Algebraeon is a computer algebra system written purely in Rust. It implements algorithms for working with matrices, polynomials, algebraic numbers, factorizations, etc. The focus is on exact algebraic computations rather than approximate numerical solutions.

What it can do

Algebraeon can currently do the following:

• Euclids algorithm for GCD and the extended version for obtaining Bezout coefficients.
• Polynomial GCD computations using subresultant pseudo-remainder sequences.
• AKS algorithm for natural number primality testing.
• Matrix algorithms including:
  • Putting a matrix into Hermite normal form.

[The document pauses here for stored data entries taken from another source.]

(* Let $Y$ be a Young diagram with row lengths $a_1\ge\cdots\ge a_m\ge0$ and let $Q\subseteq C\times S$. Then there exists a 2-cover $P$ of $H(Y)$ with $P\cap(C\times S)=Q$ and $$\tau^{(2)}(H(Y))\le |P|=|Q|+\sum_{i=1}^m \nu(a_i,Q).$$
   Context: $H(Y)$ is the hypergraph with vertex sides $R=\{r_1,\dots,r_m\}$, $C=\{c_1,\dots,c_{a_1}\}$, $S=\{s_1,\dots,s_{a_1}\}$ and edges $\{r_i,c_j,s_k\}$ for $1\le i\le m$, $1\le j,k\le a_i$. For disjoint sets $A,B$, $A\times B$ denotes the set of pairs $\{a,b\}$, $a\in A$, $b\in B$. A 2-cover of $H(Y)$ is a set of pairs of vertices such that every edge contains some pair of the set; $\tau^{(2)}(H(Y))$ is the minimum size of a 2-cover. $\nu(\ell,Q)$ is the matching number of the bipartite graph with sides $\{c_1,\dots,c_\ell\}$, $\{s_1,\dots,s_\ell\}$ and edges $\{c_js_k:1\le j,k\le\ell\}\setminus Q$. *)

theory Defs
  imports Main
begin

text \<open>Vertices of H(Y): r_i, c_j, s_k (indices start at 1).\<close>
datatype vtx = Rv nat | Cv nat | Sv nat

definition Rset :: "nat \<Rightarrow> vtx set" where "Rset n = Rv ` {1..n}"
definition Cset :: "nat \<Rightarrow> vtx set" where "Cset n = Cv ` {1..n}"
definition Sset :: "nat \<Rightarrow> vtx set" where "Sset n = Sv ` {1..n}"

text \<open>A \<times> B for disjoint vertex sets: the set of unordered pairs {a,b}.\<close>
definition pairs :: "vtx set \<Rightarrow> vtx set \<Rightarrow> vtx set set" where
  "pairs A B = {{x, y} | x y. x \<in> A \<and> y \<in> B}"

definition first_row :: "nat \<Rightarrow> (nat \<Rightarrow> nat) \<Rightarrow> nat" where
  "first_row m a = (if m = 0 then 0 else a 1)"

definition HY_vertices :: "nat \<Rightarrow> (nat \<Rightarrow> nat) \<Rightarrow> vtx set" where
  "HY_vertices m a = Rset m \<union> Cset (first_row m a) \<union> Sset (first_row m a)"

definition HY_edges :: "nat \<Rightarrow> (nat \<Rightarrow> nat) \<Rightarrow> vtx set set" where
  "HY_edges m a = {{Rv i, Cv j, Sv k} | i j k.
      1 \<le> i \<and> i \<le> m \<and> 1 \<le> j \<and> j \<le> a i \<and> 1 \<le> k \<and> k \<le> a i}"

definition is_2cover :: "'v set \<Rightarrow> 'v set set \<Rightarrow> 'v set set \<Rightarrow> bool" where
  "is_2cover V E P \<longleftrightarrow> (\<forall>p\<in>P. p \<subseteq> V \<and> card p = 2) \<and> (\<forall>e\<in>E. \<exists>p\<in>P. p \<subseteq> e)"

definition tau2 :: "'v set \<Rightarrow> 'v set set \<Rightarrow> nat" where
  "tau2 V E = Min {card P | P. is_2cover V E P}"

definition nu :: "nat \<Rightarrow> vtx set set \<Rightarrow> nat" where
  "nu l Q = Max {card M | M. M \<subseteq> pairs (Cset l) (Sset l) - Q \<and> pairwise disjnt M}"

end

(*
  For every row i choose a minimum vertex cover V_i of the bipartite graph on
  c_1..c_(a_i), s_1..s_(a_i) whose edges are the pairs outside Q; by Koenig's theorem
  |V_i| = nu(a_i, Q). Then P = Q together with all {r_i} \<times> V_i is a 2-cover: an edge
  {r_i, c_j, s_k} contains {c_j, s_k} if this pair lies in Q, and otherwise c_j or s_k
  lies in V_i, so {r_i, c_j} or {r_i, s_k} is in P. No pair containing some r_i lies in
  C \<times> S, so P meets C \<times> S exactly in Q and the pieces of P are pairwise disjoint.
  Koenig's theorem follows from Hall's theorem after giving all vertices d common extra
  neighbours, d being the maximal deficiency |S| - |N(S)|.
*)
theory Submission
  imports Defs
begin

lemma hall_condition_Diff_tight:
  fixes N :: "'a \<Rightarrow> 'b set"
  assumes hall: "\<forall>S\<subseteq>A. card S \<le> card (\<Union>(N ` S))" and "finite A"
    and T: "T \<subseteq> A" "card (\<Union>(N ` T)) \<le> card T"
  shows "\<forall>S\<subseteq>A - T. card S \<le> card (\<Union>((\<lambda>x. N x - \<Union>(N ` T)) ` S))"
proof (intro allI impI)
  fix S assume S: "S \<subseteq> A - T"
  let ?NT = "\<Union>(N ` T)" and ?NS = "\<Union>((\<lambda>x. N x - \<Union>(N ` T)) ` S)"
  have "finite S" "finite T" using S T \<open>finite A\<close> finite_subset by blast+
  then have "card S + card T = card (S \<union> T)" by (rule card_Un_disjoint[symmetric]) (use S in auto)
  also have "\<dots> \<le> card (\<Union>(N ` (S \<union> T)))" using hall S T by (metis Diff_subset le_sup_iff subset_trans)
  also have "\<Union>(N ` (S \<union> T)) = ?NS \<union> ?NT" by auto
  also have "card (?NS \<union> ?NT) \<le> card ?NS + card ?NT" by (rule card_Un_le)
  finally show "card S \<le> card ?NS" using T(2) by linarith
qed

lemma hall_condition_Diff_singleton:
  fixes N :: "'a \<Rightarrow> 'b set"
  assumes surplus: "\<forall>S\<subseteq>A. S \<noteq> {} \<longrightarrow> card S < card (\<Union>(N ` S))"
  shows "\<forall>S\<subseteq>A. card S \<le> card (\<Union>((\<lambda>x. N x - {b}) ` S))"
proof (intro allI impI)
  fix S assume S: "S \<subseteq> A"
  have eq: "\<Union>((\<lambda>x. N x - {b}) ` S) = \<Union>(N ` S) - {b}" by auto
  show "card S \<le> card (\<Union>((\<lambda>x. N x - {b}) ` S))"
  proof (cases "S = {}")
    case False
    then have "card S < card (\<Union>(N ` S))" using surplus S by blast
    then show ?thesis unfolding eq by (auto simp: card_Diff_singleton_if)
  qed simp
qed

(* Halmos-Vaughan: split A at a tight proper subset T, matching T into N(T) and A - T
   outside N(T); if there is none, match any a to any neighbour and recurse. *)
theorem hall_marriage:
  fixes A :: "'a set" and N :: "'a \<Rightarrow> 'b set"
  assumes "finite A" "\<forall>a\<in>A. finite (N a)" "\<forall>S\<subseteq>A. card S \<le> card (\<Union>(N ` S))"
  shows "\<exists>f. inj_on f A \<and> (\<forall>a\<in>A. f a \<in> N a)"
  using assms
proof (induction "card A" arbitrary: A N rule: less_induct)
  case less
  note IH = less.hyps and fin = less.prems(1,2) and hall = less.prems(3)
  show ?case
  proof (cases "\<exists>T\<subseteq>A. T \<noteq> {} \<and> T \<noteq> A \<and> card (\<Union>(N ` T)) \<le> card T")
    case True
    then obtain T where T: "T \<subseteq> A" "T \<noteq> {}" "T \<noteq> A" "card (\<Union>(N ` T)) \<le> card T" by blast
    let ?NT = "\<Union>(N ` T)"
    have "card T < card A" using T fin psubset_card_mono by blast
    then obtain g where g: "inj_on g T" "\<forall>x\<in>T. g x \<in> N x"
      using IH[of T N] T(1) fin hall finite_subset by (metis subset_iff subset_trans)
    have "card (A - T) < card A" using T fin by (intro psubset_card_mono) auto
    then obtain h where h: "inj_on h (A - T)" "\<forall>x\<in>A - T. h x \<in> N x - ?NT"
      using IH[of "A - T" "\<lambda>x. N x - ?NT"] hall_condition_Diff_tight[OF hall fin(1) T(1,4)] fin
      by auto
    have "g ` T \<subseteq> ?NT" "h ` (A - T) \<inter> ?NT = {}" using g(2) h(2) by auto
    then have "g ` T \<inter> h ` (A - T) = {}" by blast
    then have "inj_on (\<lambda>x. if x \<in> T then g x else h x) A"
      using inj_on_disjoint_Un[OF g(1) h(1)] T(1) by (simp add: Un_absorb1)
    then show ?thesis using g(2) h(2) by (intro exI[of _ "\<lambda>x. if x \<in> T then g x else h x"]) auto
  next
    case no_tight: False
    show ?thesis
    proof (cases "A = {}")
      case False
      then obtain a where a: "a \<in> A" by blast
      then have "card {a} \<le> card (\<Union>(N ` {a}))" using hall by blast
      then obtain b where b: "b \<in> N a" by fastforce
      have "\<forall>S\<subseteq>A - {a}. S \<noteq> {} \<longrightarrow> card S < card (\<Union>(N ` S))"
        using no_tight a by (auto simp: not_le)
      then have "\<forall>S\<subseteq>A - {a}. card S \<le> card (\<Union>((\<lambda>x. N x - {b}) ` S))"
        by (rule hall_condition_Diff_singleton)
      moreover have "card (A - {a}) < card A" using fin(1) a by (rule card_Diff1_less)
      ultimately obtain g where g: "inj_on g (A - {a})" "\<forall>x\<in>A - {a}. g x \<in> N x - {b}"
        using IH[of "A - {a}" "\<lambda>x. N x - {b}"] fin by auto
      have "inj_on (g(a := b)) (insert a (A - {a}))" using g by (auto simp: inj_on_def)
      moreover have "insert a (A - {a}) = A" using a by blast
      ultimately show ?thesis using g(2) b by (metis fun_upd_apply DiffD1 insert_Diff_single insert_iff)
    qed simp
  qed
qed

lemma hall_deficiency:
  fixes A :: "'a set" and N :: "'a \<Rightarrow> 'b set"
  assumes fin: "finite A" "\<forall>a\<in>A. finite (N a)"
    and hall: "\<forall>S\<subseteq>A. card S \<le> card (\<Union>(N ` S)) + d"
  obtains A' f where "A' \<subseteq> A" "inj_on f A'" "\<forall>a\<in>A'. f a \<in> N a" "card A \<le> card A' + d"
proof -
  define N' :: "'a \<Rightarrow> ('b + nat) set" where "N' a = Inl ` N a \<union> Inr ` {..<d}" for a
  have "\<forall>S\<subseteq>A. card S \<le> card (\<Union>(N' ` S))"
  proof (intro allI impI)
    fix S assume S: "S \<subseteq> A"
    show "card S \<le> card (\<Union>(N' ` S))"
    proof (cases "S = {}")
      case False
      have "finite (\<Union>(N ` S))" using S fin finite_subset by blast
      moreover have "\<Union>(N' ` S) = Inl ` \<Union>(N ` S) \<union> Inr ` {..<d}"
        using False by (auto simp: N'_def)
      ultimately have "card (\<Union>(N' ` S)) = card (\<Union>(N ` S)) + d"
        by (simp only:) (subst card_Un_disjoint, auto simp: card_image)
      then show ?thesis using hall S by simp
    qed simp
  qed
  then obtain f where f: "inj_on f A" "\<forall>a\<in>A. f a \<in> N' a"
    using hall_marriage[of A N'] fin by (auto simp: N'_def)
  define A' where "A' = {a\<in>A. isl (f a)}"
  have "inj_on (projl \<circ> f) A'"
    using f(1) by (auto simp: A'_def inj_on_def isl_def)
  moreover have "\<forall>a\<in>A'. (projl \<circ> f) a \<in> N a"
    using f(2) by (auto simp: A'_def N'_def)
  moreover have "A' \<subseteq> A" by (simp add: A'_def)
  moreover have "card (A - A') \<le> d"
  proof -
    have "f ` (A - A') \<subseteq> Inr ` {..<d}" using f(2) by (auto simp: A'_def N'_def)
    moreover have "inj_on f (A - A')" using f(1) by (rule inj_on_subset) blast
    ultimately have "card (A - A') \<le> card (Inr ` {..<d} :: ('b + nat) set)"
      by (intro card_inj_on_le) auto
    then show ?thesis by (simp add: card_image)
  qed
  moreover have "card A \<le> card A' + card (A - A')"
    using card_Un_le[of A' "A - A'"] \<open>A' \<subseteq> A\<close> by (simp add: Un_absorb1)
  ultimately show ?thesis using that by force
qed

In particular putting it into echelon form.
  • Putting a matrix into Smith normal form.
  • Gram–Schmidt algorithm for orthogonalization and orthonormalization.
  • Putting a matrix into Jordan normal.
  • Finding the general solution to a linear or affine system of equations.
• Polynomial factoring algorithms including:
  • Kronecker's method for factoring polynomials over the integers (slow).
  • Berlekamp-Zassenhaus algorithm for factoring polynomials over the integers.
  • Berlekamp's algorithm for factoring polynomials over finite fields.
  • Trager's algorithm for factoring polynomials over algebraic number fields.
• Expressing symmetric polynomials in terms of elementary symmetric polynomials.
• Computations with algebraic numbers:
  • Real root isolation and arithmetic.
  • Complex root isolation and arithmetic.
• Computations with multiplication tables for small finite groups.
• Todd-Coxeter algorithm for the enumeration of finite index cosets of a finitely generated groups. and much more.

Planned algorithms

• Fast integer factorization.
• LLL basis reduction algorithm.
• Universal cyclotomic field.
• Ideals in algebraic number fields.
• Algebraic closure and Galois theory of finite fields.
• Splitting fields of algebraic number fields.
• Galois groups of algebraic number fields.
• P-adic root approximation and arithmetic.

Usage

Add the required crates to your cargo.toml file

• algebraeon-sets
• algebraeon-groups
• algebraeon-rings

Factoring an polynomials

use algebraeon_rings::{polynomial::polynomial::*, ring_structure::{elements::*, structure::*}};
use malachite_nz::integer::Integer;

let x = &Polynomial::<Integer>::var().into_ergonomic();
let f = (x.pow(30) - 1).into_verbose();
println!("unfactored f = {}", f);
println!("factored   f = {}", f.factor().unwrap());